Task requirements - Below are lines of data; restate word for word those running from the line containing "s) powr ((p" to the line containing "Valued in [0,infinity]", inclusive, and no others.

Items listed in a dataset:
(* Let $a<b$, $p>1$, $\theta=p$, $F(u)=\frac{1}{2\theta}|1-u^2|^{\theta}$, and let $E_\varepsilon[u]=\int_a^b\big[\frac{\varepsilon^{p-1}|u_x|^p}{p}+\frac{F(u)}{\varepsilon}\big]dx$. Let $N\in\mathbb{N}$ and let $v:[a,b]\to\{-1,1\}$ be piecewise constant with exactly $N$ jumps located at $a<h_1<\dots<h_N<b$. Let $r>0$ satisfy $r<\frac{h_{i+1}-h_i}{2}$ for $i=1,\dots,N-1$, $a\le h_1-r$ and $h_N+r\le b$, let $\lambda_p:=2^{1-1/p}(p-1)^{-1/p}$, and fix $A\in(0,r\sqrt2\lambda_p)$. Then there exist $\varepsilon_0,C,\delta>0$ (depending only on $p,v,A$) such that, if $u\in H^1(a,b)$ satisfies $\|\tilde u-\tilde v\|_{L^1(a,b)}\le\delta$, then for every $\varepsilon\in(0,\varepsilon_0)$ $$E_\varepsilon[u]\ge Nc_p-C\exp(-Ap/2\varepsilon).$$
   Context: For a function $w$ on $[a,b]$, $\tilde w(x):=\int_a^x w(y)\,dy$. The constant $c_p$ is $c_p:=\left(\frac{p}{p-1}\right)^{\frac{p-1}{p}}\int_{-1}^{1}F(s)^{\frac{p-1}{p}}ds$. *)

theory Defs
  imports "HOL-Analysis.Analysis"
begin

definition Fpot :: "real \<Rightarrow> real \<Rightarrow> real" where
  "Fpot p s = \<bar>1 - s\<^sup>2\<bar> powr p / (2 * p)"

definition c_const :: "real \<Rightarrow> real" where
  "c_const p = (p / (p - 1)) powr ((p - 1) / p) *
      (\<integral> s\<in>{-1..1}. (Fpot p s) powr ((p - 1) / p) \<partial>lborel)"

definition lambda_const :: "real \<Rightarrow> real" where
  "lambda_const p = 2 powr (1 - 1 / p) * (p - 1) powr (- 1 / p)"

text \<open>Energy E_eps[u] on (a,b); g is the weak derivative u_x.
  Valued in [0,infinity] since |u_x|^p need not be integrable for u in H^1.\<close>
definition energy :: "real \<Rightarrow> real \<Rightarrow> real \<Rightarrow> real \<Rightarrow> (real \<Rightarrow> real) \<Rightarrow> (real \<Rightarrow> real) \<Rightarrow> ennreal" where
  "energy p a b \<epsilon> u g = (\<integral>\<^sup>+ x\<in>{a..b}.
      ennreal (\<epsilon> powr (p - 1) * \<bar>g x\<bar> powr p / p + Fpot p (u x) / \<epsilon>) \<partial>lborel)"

Answer section -
      (\<integral> s\<in>{-1..1}. (Fpot p s) powr ((p - 1) / p) \<partial>lborel)"

definition lambda_const :: "real \<Rightarrow> real" where
  "lambda_const p = 2 powr (1 - 1 / p) * (p - 1) powr (- 1 / p)"

text \<open>Energy E_eps[u] on (a,b); g is the weak derivative u_x.
  Valued in [0,infinity] since |u_x|^p need not be integrable for u in H^1.\<close>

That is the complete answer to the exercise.